Saturday, December 08, 2018

When I was young all my favourite books had maps


I could say that the maps in my beloved Lone Pine Club stories by Malcolm Saville made me look down on books that did not have maps on their endpapers, but I suspect their importance was even greater than that. It was the maps that attracted me to Malcolm Saville in the first place.

But I was not alone in seeing maps as essential to adventure stories. When Richard Jefferies’ Bevis the Story of a Boy, originally published as a three-volume adult novel, was reinvented as a children’s classic in 1932, the publisher Jonathan Cape pulled out all the stops. It was given illustrations by E.H. Shepard and a map. That map was drawn by an 11-year-old David Garnett.

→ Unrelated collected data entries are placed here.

(* Let $k$ be a positive integer. A graph $G$ belongs to $\mathcal{F}_k$ if and only if $G=G_1*_k G_2$ where, for each $i=1,2$, either $G_i=K_1$ or $G_i$ is uniformly dense with density $k$.
   Context: Graphs are finite, loopless, possibly with multiple edges. $\kappa'(G)$ is the edge connectivity; $\tau(G)$ is the maximum number of edge-disjoint spanning trees of a connected graph $G$. $\omega(G)$ is the number of components. For a nontrivial graph $G$, $d(G)=\frac{|E(G)|}{|V(G)|-\omega(G)}$ and $\gamma(G)=\max d(H)$ over subgraphs $H$ with nonzero denominator; $G$ is uniformly dense with density $k$ if $d(G)=\gamma(G)=k$. For vertex-disjoint connected graphs $G_1,G_2$ and a set $K$ of $k$ edges each having one end in $V(G_1)$ and the other in $V(G_2)$, the $k$-edge-join $G_1*_k G_2$ is the graph with vertex set $V(G_1)\cup V(G_2)$ and edge set $E(G_1)\cup E(G_2)\cup K$. For $n>1$, $\mathcal{F}_{k,n}$ is the set of graphs $G$ on $n$ vertices with $\kappa'(G)=\tau(G)=k$ whose number of edges is minimum among all graphs on $n$ vertices with $\kappa'=\tau=k$; $\mathcal{F}_k=\bigcup_{n>1}\mathcal{F}_{k,n}$. *)

theory Defs
  imports Complex_Main "HOL-Library.Multiset"
begin

text \<open>Parallel edges are repeated elements of the multiset.\<close>

definition mgraph :: "'a set \<Rightarrow> 'a set multiset \<Rightarrow> bool" where
  "mgraph V E \<longleftrightarrow> finite V \<and> (\<forall>e\<in>#E. e \<subseteq> V \<and> card e = 2)"

definition adj :: "'a set multiset \<Rightarrow> ('a \<times> 'a) set" where
  "adj E = {(u, v). {u, v} \<in># E}"

definition connected_mg :: "'a set \<Rightarrow> 'a set multiset \<Rightarrow> bool" where
  "connected_mg V E \<longleftrightarrow> V \<noteq> {} \<and> (\<forall>u\<in>V. \<forall>v\<in>V. (u, v) \<in> (adj E)\<^sup>*)"

definition comp_rel :: "'a set \<Rightarrow> 'a set multiset \<Rightarrow> ('a \<times> 'a) set" where
  "comp_rel V E = {(u, v). u \<in> V \<and> v \<in> V \<and> (u, v) \<in> (adj E)\<^sup>*}"

definition num_comps :: "'a set \<Rightarrow> 'a set multiset \<Rightarrow> nat" where
  "num_comps V E = card (V // comp_rel V E)"

text \<open>Edge connectivity \<kappa>'(G): least number of edges whose removal disconnects G
(meaningful for graphs with at least two vertices).\<close>
definition edge_conn :: "'a set \<Rightarrow> 'a set multiset \<Rightarrow> nat" where
  "edge_conn V E = (LEAST m. \<exists>F. F \<subseteq># E \<and> size F = m \<and> \<not> connected_mg V (E - F))"

definition spanning_tree :: "'a set \<Rightarrow> 'a set multiset \<Rightarrow> 'a set multiset \<Rightarrow> bool" where
  "spanning_tree V E T \<longleftrightarrow> T \<subseteq># E \<and> connected_mg V T \<and>
     (\<forall>e\<in>#T. \<not> connected_mg V (T - {#e#}))"

definition has_disjoint_trees :: "'a set \<Rightarrow> 'a set multiset \<Rightarrow> nat \<Rightarrow> bool" where
  "has_disjoint_trees V E k \<longleftrightarrow>
     (\<exists>Ts :: nat \<Rightarrow> 'a set multiset. (\<forall>i<k. spanning_tree V E (Ts i)) \<and> (\<Sum>i<k. Ts i) \<subseteq># E)"

definition tree_pack :: "'a set \<Rightarrow> 'a set multiset \<Rightarrow> nat" where
  "tree_pack V E = (GREATEST k. has_disjoint_trees V E k)"

definition dens :: "'a set \<Rightarrow> 'a set multiset \<Rightarrow> real" where
  "dens V E = real (size E) / (real (card V) - real (num_comps V E))"

definition subgraph :: "'a set \<Rightarrow> 'a set multiset \<Rightarrow> 'a set \<Rightarrow> 'a set multiset \<Rightarrow> bool" where
  "subgraph V' E' V E \<longleftrightarrow> V' \<subseteq> V \<and> E' \<subseteq># E \<and> (\<forall>e\<in>#E'. e \<subseteq> V')"

definition gamma :: "'a set \<Rightarrow> 'a set multiset \<Rightarrow> real" where
  "gamma V E = Max {dens V' E' | V' E'. subgraph V' E' V E \<and>
                     real (card V') - real (num_comps V' E') \<noteq> 0}"

definition uniformly_dense :: "real \<Rightarrow> 'a set \<Rightarrow> 'a set multiset \<Rightarrow> bool" where
  "uniformly_dense k V E \<longleftrightarrow> dens V E = k \<and> gamma V E = k"

definition is_edge_join ::
  "'a set \<Rightarrow> 'a set multiset \<Rightarrow> nat \<Rightarrow> 'a set \<Rightarrow> 'a set multiset \<Rightarrow> 'a set \<Rightarrow> 'a set multiset \<Rightarrow> bool" where
  "is_edge_join V E k V1 E1 V2 E2 \<longleftrightarrow>
     mgraph V1 E1 \<and> mgraph V2 E2 \<and> connected_mg V1 E1 \<and> connected_mg V2 E2 \<and> V1 \<inter> V2 = {} \<and>
     (\<exists>K. size K = k \<and> (\<forall>e\<in>#K. \<exists>u\<in>V1. \<exists>v\<in>V2. e = {u, v}) \<and>
          V = V1 \<union> V2 \<and> E = E1 + E2 + K)"
lemma fold_end_U:
  "fold_end U (m * sqrt 3) 0 0 \<sigma> = Complex (- \<sigma> * m / 2) (\<sigma> * m * sqrt 3 / 2)"
  "fold_end U (m * sqrt 3) 1 0 \<sigma> = Complex (1 + \<sigma> * m / 2) (\<sigma> * m * sqrt 3 / 2)"
  "fold_end U (m * sqrt 3) 1 1 \<sigma> = Complex (1 - \<sigma> * m / 2) (- \<sigma> * m * sqrt 3 / 2)"
  "fold_end U (m * sqrt 3) 2 1 \<sigma> = Complex (1/2 - \<sigma> * m) (sqrt 3 / 2)"
  "fold_end U (m * sqrt 3) 2 2 \<sigma> = Complex (1/2 + \<sigma> * m) (sqrt 3 / 2)"
  "fold_end U (m * sqrt 3) 0 2 \<sigma> = Complex (\<sigma> * m / 2) (- \<sigma> * m * sqrt 3 / 2)"
  by (simp_all add: fold_end_def cross_def complex_eq_iff field_simps)

lemma bdry_seg_U:
  "bdry_seg U (m * sqrt 3) 0 \<sigma> =
     closed_segment (Complex (- \<sigma> * m / 2) (\<sigma> * m * sqrt 3 / 2))
       (Complex (1 + \<sigma> * m / 2) (\<sigma> * m * sqrt 3 / 2))"
  "bdry_seg U (m * sqrt 3) 1 \<sigma> =
     closed_segment (Complex (1 - \<sigma> * m / 2) (- \<sigma> * m * sqrt 3 / 2))
       (Complex (1/2 - \<sigma> * m) (sqrt 3 / 2))"
  "bdry_seg U (m * sqrt 3) 2 \<sigma> =
     closed_segment (Complex (1/2 + \<sigma> * m) (sqrt 3 / 2))
       (Complex (\<sigma> * m / 2) (- \<sigma> * m * sqrt 3 / 2))"
  unfolding bdry_seg_def nxt_prv_simps fold_end_U by (simp_all add: fold_end_U[simplified])

lemma diag_edge_U:
  "diag_edge U 0 = closed_segment 0 1"
  "diag_edge U 1 = closed_segment 1 (Complex (1/2) (sqrt 3 / 2))"
  "diag_edge U 2 = closed_segment (Complex (1/2) (sqrt 3 / 2)) 0"
  by (simp_all add: diag_edge_def)

lemma fold_line_points_U_distinct:
  assumes "i < j" "j < 3" "\<bar>s\<bar> \<le> m" "\<bar>t\<bar> \<le> m"
  shows "U i + of_real s * fdir U i \<noteq> U j + of_real t * fdir U j"
proof -
  have "(s - 1) * sqrt 3 \<noteq> 0" "(s + 1) * sqrt 3 \<noteq> 0"
    using assms(3) m_less_1 by auto
  then have "s * sqrt 3 \<noteq> sqrt 3" "- (s * sqrt 3) \<noteq> sqrt 3"
    by (auto simp: algebra_simps)
  moreover have "(i = 0 \<and> j = 1) \<or> (i = 0 \<and> j = 2) \<or> (i = 1 \<and> j = 2)"
    using assms(1,2) by auto
  ultimately show ?thesis
    using assms(3,4) m_less_1 by (auto simp: complex_eq_iff algebra_simps)
qed

lemma fold_line_U:
  assumes "z \<in> fold_line U (m * sqrt 3) i" and "i < 3"
  obtains s where "\<bar>s\<bar> \<le> m" and "z = U i + of_real s * fdir U i"
proof -
  obtain s where "z = U i + of_real s * fdir U i" "\<bar>s * cross (edir U i) (fdir U i)\<bar> \<le> m * sqrt 3 / 2"
    using assms(1) unfolding fold_line_def by blast
  moreover have "\<bar>cross (edir U i) (fdir U i)\<bar> = sqrt 3 / 2"
    using assms(2) by (cases rule: less_3_cases) (simp_all add: cross_def)
  ultimately show thesis
    using that by (simp add: abs_mult)
qed
(* Let $p(t)=\sum_{i=0}^\infty a_it^i$ with $0\le a_i<1$ for all $i$ and $\sum_i a_i=1$, and write $p(t)=t^rp_0(t)$ where $r\ge0$ is an integer, $p_0(0)\neq0$, and $p_0$ has at least two nonzero coefficients; let $Q=\{q\ge0:\ \text{the coefficient of } t^q \text{ in } p_0 \text{ is nonzero}\}$. Let $p^{[1]}=p$, $p^{[n+1]}=p(p^{[n]})$, $p^{[n]}(t)=\sum_k a_k^{[n]}t^k$, and $a=\lim_{n\to\infty}a_0^{[n]}$. Fix $m\in\mathbb N$, let $C_m$ be the cyclic group of order $m$ generated by $\bar t$ with identity $e=\bar t^0$, and for a power series $f(t)=\sum_kf_kt^k$ with absolutely summable coefficients put $f(\bar t)=\sum_kf_k\bar t^k\in R[C_m]$. Let $G_{p_0}$ be the subgroup of $C_m$ generated by $\{\bar t^q: q\in Q\}$ and $c_{p_0}=\frac1{|G_{p_0}|}\sum_{g\in G_{p_0}}g$. Let $d\ge1$ and distinct $m_0,\dots,m_{d-1}\in\{0,\dots,m-1\}$ be such that $r^{kd+i}\equiv m_i \pmod m$ for all $i\in\{0,\dots,d-1\}$ and all sufficiently large $k$. Then: (1) If $\bigcap_{i=0}^{d-1}\bar t^{m_i}G_{p_0}=\emptyset$, then $\lim_{n\to\infty}p^{[n]}(\bar t)$ does not exist. (2) If $\bigcap_{i=0}^{d-1}\bar t^{m_i}G_{p_0}\neq\emptyset$, then $\bar t^{m_i}G_{p_0}=\bar t^{m_j}G_{p_0}$ for all $i,j\in\{0,\dots,d-1\}$, the limit $\lim_{n\to\infty}p^{[n]}(\bar t)$ exists, and $$\lim_{n\to\infty}p^{[n]}(\bar t)=\bar t^{m_0}c_{p_0}+(e-c_{p_0})a.$$
   Context: $R[C_m]$ is the real group algebra of $C_m$ (equivalently $\mathbb R[t]/(t^m-1)$ with $\bar t$ the class of $t$), with the Euclidean topology. The limit $a=\lim a_0^{[n]}$ exists since $(a_0^{[n]})$ is monotone and bounded. The sequence $(r^k \bmod m)_k$ is eventually periodic, which guarantees the existence of $d$ and $m_0,\dots,m_{d-1}$ as described. *)

theory Defs
  imports "HOL-Analysis.Analysis" "HOL-Algebra.Elementary_Groups" "HOL-Algebra.Generated_Groups"
begin

text \<open>Power series are represented by their coefficient sequences nat => real.
  pow_coeff f i k is the coefficient of t^k in f(t)^i (Cauchy product).\<close>

fun pow_coeff :: "(nat \<Rightarrow> real) \<Rightarrow> nat \<Rightarrow> nat \<Rightarrow> real" where
  "pow_coeff f 0 k = (if k = 0 then 1 else 0)"
| "pow_coeff f (Suc i) k = (\<Sum>j\<le>k. f j * pow_coeff f i (k - j))"

definition comp_coeff :: "(nat \<Rightarrow> real) \<Rightarrow> (nat \<Rightarrow> real) \<Rightarrow> nat \<Rightarrow> real" where
  "comp_coeff a f k = (\<Sum>i. a i * pow_coeff f i k)"

text \<open>Iterates: iter a 0 = t, iter a (Suc n) = p(iter a n); hence iter a n = p^[n] for n >= 1.\<close>
fun iter :: "(nat \<Rightarrow> real) \<Rightarrow> nat \<Rightarrow> nat \<Rightarrow> real" where
  "iter a 0 = (\<lambda>k. if k = 1 then 1 else 0)"
| "iter a (Suc n) = comp_coeff a (iter a n)"

text \<open>Elements of R[C_m] are functions int => real supported on {0..<m}; the group element
  bar t^j is the residue j in carrier (integer_mod_group m).  The topology is the product
  topology, which on this finite-dimensional subspace is the Euclidean one.\<close>

definition ev_Cm :: "nat \<Rightarrow> (nat \<Rightarrow> real) \<Rightarrow> int \<Rightarrow> real" where
  "ev_Cm m f = (\<lambda>j. if j \<in> {0..<int m} then (\<Sum>k. if int k mod int m = j then f k else 0) else 0)"
(* Let $r\in\mathbb Z_m$, $k\ge1$, and $T_r=\mathrm{Id}_n+X_rY_r$, regarded as the $nm\times nm$ block matrix with $T_r$ in block $(r,r)$ and zeros elsewhere. For any initial condition $(X(0),Y(0),V_{s,\alpha}(0),W_{s,\alpha}(0))\in\mathcal M^\bullet$, the flow at time $t$ of the Hamiltonian vector field $f\mapsto\{\tfrac1k\operatorname{tr}(T_r^k),f\}$ is $X(t)=\exp(-tT_r(0)^k)X(0)$, $Y(t)=Y(0)\exp(tT_r(0)^k)$, $V_{s,\alpha}(t)=V_{s,\alpha}(0)$, $W_{s,\alpha}(t)=W_{s,\alpha}(0)$, where $T_r(0)=\mathrm{Id}_n+X_r(0)Y_r(0)$ (in block $(r,r)$).
   Context: Fix integers $m\ge2$, $n\ge1$ and $\mathbf d=(d_0,\dots,d_{m-1})\in\mathbb N^m$ with $d_0\ge1$. Indices $r,s$ range over $\mathbb Z_m$, identified with $\{0,\dots,m-1\}$ with its usual order; Kronecker deltas of such indices are taken modulo $m$. A spin index is a pair $(s,\alpha)$ with $s\in\mathbb Z_m$, $1\le\alpha\le d_s$. $\mathcal M^\bullet$ is the smooth affine variety of tuples $(X_s,Y_s,V_{s,\alpha},W_{s,\alpha})$, $X_s,Y_s\in\mathrm{Mat}(n\times n,\mathbb C)$, $V_{s,\alpha}\in\mathrm{Mat}(1\times n,\mathbb C)$, $W_{s,\alpha}\in\mathrm{Mat}(n\times1,\mathbb C)$, with $\mathrm{Id}_n+X_sY_s$, $\mathrm{Id}_n+Y_sX_s$, $\mathrm{Id}_n+W_{s,\alpha}V_{s,\alpha}$ invertible and $1+V_{s,\alpha}W_{s,\alpha}\ne0$. $X=\sum_sX_s$ is the $nm\times nm$ block matrix whose only nonzero $n\times n$ blocks are $X_s$ in block position $(s,s+1)$; $Y=\sum_sY_s$ has $Y_s$ in block position $(s+1,s)$. For a function $F$, the Hamiltonian vector field is $f\mapsto\{F,f\}$ and its flow solves $\frac{d}{dt}f=\{F,f\}$ entrywise. The quasi-Poisson bracket $\{-,-\}$ on $\mathcal M^\bullet$ is the antisymmetric biderivation given on entry functions by ($o(s,r)=\operatorname{sgn}(r-s)$ computed in $\{0,\dots,m-1\}$, $o(\alpha,\beta)=\operatorname{sgn}(\beta-\alpha)$): $\{(X_r)_{ij},(X_s)_{kl}\}=\tfrac12\delta_{s,r-1}(X_{r-1}X_r)_{kj}\delta_{il}-\tfrac12\delta_{s,r+1}\delta_{kj}(X_rX_{r+1})_{il}$; $\{(Y_r)_{ij},(Y_s)_{kl}\}=\tfrac12\delta_{s,r-1}\delta_{kj}(Y_rY_{r-1})_{il}-\tfrac12\delta_{s,r+1}(Y_{r+1}Y_r)_{kj}\delta_{il}$; $\{(X_r)_{ij},(Y_s)_{kl}\}=\delta_{sr}\big(\delta_{kj}\delta_{il}+\tfrac12(Y_rX_r)_{kj}\delta_{il}+\tfrac12\delta_{kj}(X_rY_r)_{il}\big)-\tfrac12\delta_{s,r-1}(X_r)_{kj}(Y_{r-1})_{il}+\tfrac12\delta_{s,r+1}(Y_{r+1})_{kj}(X_r)_{il}$; $\{(X_r)_{ij},(W_{s,\alpha})_k\}=\tfrac12\delta_{s,r+1}\delta_{kj}(X_rW_{r+1,\alpha})_i-\tfrac12\delta_{rs}(X_r)_{kj}(W_{r,\alpha})_i$; $\{(X_r)_{ij},(V_{s,\alpha})_l\}=\tfrac12\delta_{rs}(V_{r,\alpha}X_r)_j\delta_{il}-\tfrac12\delta_{s,r+1}(V_{r+1,\alpha})_j(X_r)_{il}$; $\{(Y_r)_{ij},(W_{s,\alpha})_k\}=\tfrac12\delta_{rs}\delta_{kj}(Y_rW_{r,\alpha})_i-\tfrac12\delta_{s,r+1}(Y_r)_{kj}(W_{r+1,\alpha})_i$; $\{(Y_r)_{ij},(V_{s,\alpha})_l\}=\tfrac12\delta_{s,r+1}(V_{r+1,\alpha}Y_r)_j\delta_{il}-\tfrac12\delta_{rs}(V_{r,\alpha})_j(Y_r)_{il}$; $\{(V_{s,\alpha})_j,(V_{r,\beta})_l\}=-\tfrac12o(s,r)(V_{s,\alpha})_j(V_{r,\beta})_l-\tfrac12\delta_{sr}o(\alpha,\beta)\big((V_{r,\beta})_j(V_{s,\alpha})_l+(V_{s,\alpha})_j(V_{r,\beta})_l\big)$; $\{(W_{s,\alpha})_i,(W_{r,\beta})_k\}=-\tfrac12o(s,r)(W_{r,\beta})_k(W_{s,\alpha})_i-\tfrac12\delta_{sr}o(\alpha,\beta)\big((W_{r,\beta})_k(W_{s,\alpha})_i+(W_{s,\alpha})_k(W_{r,\beta})_i\big)$; $\{(V_{s,\alpha})_j,(W_{r,\beta})_k\}=\tfrac12o(s,r)(W_{r,\beta})_k(V_{s,\alpha})_j+\delta_{sr}\delta_{\alpha\beta}\big(\delta_{kj}+\tfrac12(W_{r,\beta})_k(V_{s,\alpha})_j+\tfrac12\delta_{kj}V_{s,\alpha}W_{r,\beta}\big)+\tfrac12\delta_{sr}o(\alpha,\beta)\big(\delta_{kj}V_{s,\alpha}W_{r,\beta}+(W_{r,\beta})_k(V_{s,\alpha})_j\big)$. *)

theory Defs
  imports "HOL-Analysis.Analysis"
begin
(* Consider the two-point dormancy model described in the context and assume $\lim_{N\to\infty}N\omega_N=0$. Then $\lim_{N\to\infty}c_N=0$. Moreover, if $\lambda_NT_N=\beta\log(\kappa N)$ for constants $\kappa,\beta>0$, then as $N\to\infty$: \begin{enumerate} \item if $\beta>1$, $c_N\sim N\omega_N$; \item if $\beta=1$, $c_N\sim N\omega_N\,E[Y_\kappa^2]$, where $Y_\kappa$ is a $[0,1]$-valued random variable with $\mathbb{P}(Y_\kappa>x)=e^{-\frac{x}{\kappa(1-x)}}$; \item if $\beta<1$, $c_N\sim2\kappa^{2\beta}\omega_NN^{2\beta-1}$. \end{enumerate}
   Context: Two-point dormancy model: for each $N$, the population of $N$ individuals evolves in days of length $T_N$ with no summer. Individual $i$ wakes up at time $0$ with probability $\omega_N$ and at time $T_N$ with probability $1-\omega_N$, independently; after waking it and its descendants reproduce as a Yule process with rate $\lambda_N$ until time $T_N$. Equivalently, the number of descendants at time $T_N$ is $X_{i,N}=b_{i,N}G_{i,N}+(1-b_{i,N})$, where $(b_{i,N})_i$ are i.i.d. Bernoulli$(\omega_N)$ and $(G_{i,N})_i$ are i.i.d. geometric on $\{1,2,\dots\}$ with parameter $e^{-\lambda_NT_N}$ (i.e. $\mathbb{P}(G>k)=(1-e^{-\lambda_NT_N})^k$), independent of the $b$'s. With $S_N=\sum_iX_{i,N}$, $N$ of the $S_N$ individuals are sampled uniformly without replacement to form the next day's population; $\nu_{i,N}$ is the number sampled descended from $i$. $c_N=E[(\nu_{1,N})_2]/(N-1)$ with $(x)_k$ the falling factorial. *)

theory Defs
  imports "HOL-Probability.Probability"
begin

definition ffact2 :: "nat \<Rightarrow> real" where
  "ffact2 v = real v * (real v - 1)"

text \<open>Law of the number of descendants X = b G + (1 - b) at time T_N of one individual:
  b ~ Bernoulli(omega), G geometric on {1,2,...} with P(G > k) = (1 - e^{-lam T})^k,
  i.e. G = 1 + (geometric_pmf with success parameter e^{-lam T}).\<close>
definition X_pmf :: "real \<Rightarrow> real \<Rightarrow> real \<Rightarrow> nat pmf" where
  "X_pmf omega lam T =
     bind_pmf (bernoulli_pmf omega)
       (\<lambda>b. if b then map_pmf Suc (geometric_pmf (exp (- (lam * T)))) else return_pmf 1)"

definition Xvec_pmf :: "real \<Rightarrow> real \<Rightarrow> real \<Rightarrow> nat \<Rightarrow> (nat \<Rightarrow> nat) pmf" where
  "Xvec_pmf omega lam T N = Pi_pmf {..<N} 0 (\<lambda>_. X_pmf omega lam T)"

text \<open>The S_N individuals present at time T_N: (i, j) is the j-th descendant of individual i.\<close>
definition individuals :: "(nat \<Rightarrow> nat) \<Rightarrow> nat \<Rightarrow> (nat \<times> nat) set" where
  "individuals X N = {(i, j). i < N \<and> j < X i}"

text \<open>Law of nu_{1,N}: sample N of the S_N individuals uniformly without replacement and
  count those descended from the first individual (index 0).\<close>
definition nu1_pmf :: "real \<Rightarrow> real \<Rightarrow> real \<Rightarrow> nat \<Rightarrow> nat pmf" where
  "nu1_pmf omega lam T N =
     bind_pmf (Xvec_pmf omega lam T N)
       (\<lambda>X. map_pmf (\<lambda>A. card {p \<in> A. fst p = 0})
              (pmf_of_set {A. A \<subseteq> individuals X N \<and> card A = N}))"

definition cN :: "(nat \<Rightarrow> real) \<Rightarrow> (nat \<Rightarrow> real) \<Rightarrow> (nat \<Rightarrow> real) \<Rightarrow> nat \<Rightarrow> real" where
  "cN omega lam T N =
     measure_pmf.expectation (nu1_pmf (omega N) (lam N) (T N) N) ffact2 / (real N - 1)"

end

theory Submission
  imports Defs "HOL-Real_Asymp.Real_Asymp"
begin

(*
  Given the family sizes X, the number of sampled descendants of individual 0 is hypergeometric,
  so E[(nu)_2 | X] = (N)_2 (X_0)_2 / (S_N)_2.  This ratio is largest, and equal to
  h_N(X_0) = (X_0)_2 / (X_0 + N - 1)_2, when all other families are singletons, which happens
  with probability at least (1 - omega_N)^(N-1) >= 1 - N omega_N -> 1.  Hence c_N ~ N omega_N a_N,
  where a_N = E[h_N(G)] for G geometric on {1, 2, ...} with parameter
  p_N = exp(-lambda_N T_N) = (kappa N)^(-beta).

  If beta > 1, G is much larger than N with high probability and a_N -> 1.  If beta < 1, G is
  much smaller than N and a_N ~ E[(G)_2] / N^2 ~ 2 / (p_N N)^2.  If beta = 1, realise
  G = ceil(E / c_N) from the standard exponential variable E = Y / (kappa (1 - Y)), where
  c_N = -ln(1 - 1 / (kappa N)); then G / N -> kappa E = Y / (1 - Y) almost surely, so
  h_N(G) -> Y^2 and a_N -> E[Y^2] by dominated convergence.
*)

section \<open>Sampling without replacement\<close>

lemma card_off_diagonal:
  assumes "finite C"
  shows "card {(x, y). x \<in> C \<and> y \<in> C \<and> x \<noteq> y} = card C * (card C - 1)"
proof -
  have "{(x, y). x \<in> C \<and> y \<in> C \<and> x \<noteq> y} = C \<times> C - (\<lambda>x. (x, x)) ` C" by auto
  moreover have "card ((\<lambda>x. (x, x)) ` C) = card C" by (rule card_image) (auto simp: inj_on_def)
  moreover have "(\<lambda>x. (x, x)) ` C \<subseteq> C \<times> C" by auto
  ultimately show ?thesis
    using assms by (simp add: card_Diff_subset card_cartesian_product diff_mult_distrib2)
qed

These reflections come from a reading an article by Jonathan Crowe where he reviews The Writer’s Map: An Atlas of Imaginary Lands, which is edited by Huw Lewis-Jones.

Ever since Tolkien, fantasy writers have felt that their books need maps, but Crowe assures us that the “bog-standard fantasy maps from adult epic fantasy series” aren’t well represented in the book: “frankly, the maps here are much better”.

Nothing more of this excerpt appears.